Meta Platforms, Inc. - Annual Report

Table 

In [89]:
# query the rag_chain
query2 = "Who are Meta's 'Directors' (i.e., members of the Board of Directors)?"
response = rag_chain.invoke({"question": query2})
print(response['response'])

The Directors of Meta Platforms, Inc. listed in the document are:

- Mark Zuckerberg
- Susan Li
- Aaron Anderson
- Peggy Alford
- Marc L. Andreessen
- Andrew W. Houston
- Nancy Killefer
- Robert M. Kimmitt
- Sheryl K. Sandberg
- Tracey T. Travis
- Tony Xu


In [90]:
for context in response['context']:
 print('======== CONTEXT ========')
 print(context.page_content)

10

Meta Platforms, Inc. - Annual Report

Table of Contents

Table of contents content goes here...

Signatory Title Date Mark Zuckerberg Chief Executive Officer March 1, 2024 Sheryl Sandberg Chief Operating Officer March 1, 2024 David Wehner Chief Financial Officer March 1, 2024 --- # Meta Platforms, Inc.

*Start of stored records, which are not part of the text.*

text \<open>The projected word is again a dual codeword: its sum over a hyperplane H equals
  the sum of c over the vectors of the preimage of H, which is a hyperplane or the
  whole space.\<close>

lemma projected_word_dual:
  fixes c :: "(nat \<Rightarrow> 'a::{finite,field}) set \<Rightarrow> 'a"
  assumes c: "c \<in> pg_dual_code n" and n: "n \<ge> 1" and r: "r \<in> pg_vecs n" and w: "w \<in> pg_vecs n"
    and cr: "c (pg_point r) = 0"
  shows "projected_word n w r c \<in> pg_dual_code n"
  unfolding dual_code_iff
proof (intro conjI allI impI ballI)
  fix P show "projected_word n w r c P \<in> prime_field"
    using c unfolding projected_word_def dual_code_iff by (auto intro!: prime_field_sum prime_field_0)
next
  fix P :: "(nat \<Rightarrow> 'a) set" assume "P \<notin> pg_points n"
  thus "projected_word n w r c P = 0" by (simp add: projected_word_def)
next
  fix u :: "nat \<Rightarrow> 'a" assume u: "u \<in> pg_vecs n" "u \<noteq> (\<lambda>i. 0)"
  have fin: "finite (pg_vecs n :: (nat \<Rightarrow> 'a) set)" by (rule finite_vecs)
  let ?B = "{v \<in> pg_vecs n. proj n w r v \<noteq> (\<lambda>i. 0) \<and> pg_dot n u (proj n w r v) = 0}"
  let ?A = "{v \<in> pg_vecs n. pg_dot n u (proj n w r v) = 0}"
  have fB: "finite ?B" by (rule finite_subset[OF _ fin]) auto
  have fA: "finite ?A" by (rule finite_subset[OF _ fin]) auto
  have fH: "finite (hyperplane n u)"
    using finite_points hyperplane_subset_points by (rule finite_subset[rotated])
  have im: "(\<lambda>v. pg_point (proj n w r v)) ` ?B \<subseteq> hyperplane n u"
    using r by (auto simp: pg_point_in_hyperplane proj_vecs)
  have fibre: "{v \<in> pg_vecs n. proj n w r v \<in> P} = {v \<in> ?B. pg_point (proj n w r v) = P}"
    if P: "P \<in> hyperplane n u" for P
  proof (intro equalityI subsetI)
    fix v assume v: "v \<in> {v \<in> pg_vecs n. proj n w r v \<in> P}"
    have "P \<in> pg_points n" using P hyperplane_subset_points by blast
    hence rep: "P = pg_point (proj n w r v)" "proj n w r v \<noteq> (\<lambda>i. 0)"
      using point_eq_of_mem v by blast+
    hence "pg_dot n u (proj n w r v) = 0" using P by (simp add: pg_point_in_hyperplane)
    thus "v \<in> {v \<in> ?B. pg_point (proj n w r v) = P}" using rep v by simp
  next
    fix v assume "v \<in> {v \<in> ?B. pg_point (proj n w r v) = P}"
    thus "v \<in> {v \<in> pg_vecs n. proj n w r v \<in> P}" using pg_point_self by blast
  qed
  have "(\<Sum>P\<in>hyperplane n u. projected_word n w r c P)
      = (\<Sum>P\<in>hyperplane n u. \<Sum>v\<in>{v \<in> ?B. pg_point (proj n w r v) = P}. c (pg_point v))"
    using hyperplane_subset_points fibre by (intro sum.cong) (auto simp: projected_word_def)
  also have "\<dots> = (\<Sum>v\<in>?B. c (pg_point v))" by (rule sum.group[OF fB fH im])
  also have "\<dots> = (\<Sum>v\<in>?A. c (pg_point v))"
    by (rule sum.mono_neutral_left[OF fA]) (auto intro: vanish_on_proj_kernel[OF c cr])
  also have "?A = {v \<in> pg_vecs n. pg_dot n (\<lambda>i. u i - pg_dot n u r * w i) v = 0}"
    by (simp add: dot_proj)
  also have "(\<Sum>v\<in>\<dots>. c (pg_point v)) = 0"
  proof (cases "(\<lambda>i. u i - pg_dot n u r * w i) = (\<lambda>i. 0)")
    case True
    thus ?thesis using dual_code_sum_vectors[OF c n] by (simp add: dot_zero)
  next
    case False
    have "(\<lambda>i. u i - pg_dot n u r * w i) \<in> pg_vecs n" using u w by (simp add: pg_vecs_def)
    thus ?thesis by (rule dual_code_sum_hyperplane_vectors[OF c _ False])
  qed
  finally show "(\<Sum>P\<in>hyperplane n u. projected_word n w r c P) = 0" .
qed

Annual Report

Meta Platforms, Inc. Annual Report

Signatures

Name Title Date [Signature Name 1] [Title 1] [Date 1] [Signature Name 2] [Title 2] [Date 2] [Signature Name 3] [Title 3] [Date 3] --- # Meta Platforms, Inc. Annual Report

Table of Contents

Compensation, Benefits, Health, and Well-being

We offer competitive compensation to attract and retain the best people, and we help care for our people so they can focus on our mission. Our employees' total compensation package includes market-competitive salary, bonuses or sales incentives, and equity. We generally offer full-time employees equity at the time of hire and through annual equity grants because we want them to be owners

In [91]:
# query the rag_chain
response = rag_chain.invoke({"question": "What's the par value of Meta's Class A common stock?"})
print(response['response'])

The par value of Meta's Class A common stock is $0.000006 per share.


In [95]:
# query the rag_chain
response = rag_chain.invoke({"question": "What is Meta's dividend policy?"})
print(response['response'])

Meta's dividend policy states that prior to 2024, the company had never declared or paid any cash dividend on their common stock. However, on February 1, 2024, they announced the initiation of their first ever cash dividend program. This program includes a cash dividend of $0.50 per share of Class A common stock and Class B common stock, equivalent to $2.00 per share on an annual basis. The first cash dividend was scheduled to be paid on March 26, 2024 to all holders of record of common stock at the close of business on February 22, 2024. The payment of future cash dividends is subject to future declaration by their board of directors, based on various factors including capital availability, market conditions, laws, and the best interests of stockholders.


In [96]:
# query the rag_chain
response = rag_chain.invoke({"question": "What is Meta's current net worth?"})
print(response['response'])

Meta's current net worth, based on the information provided in the annual report, is $229,623 million as of December 31, 2023.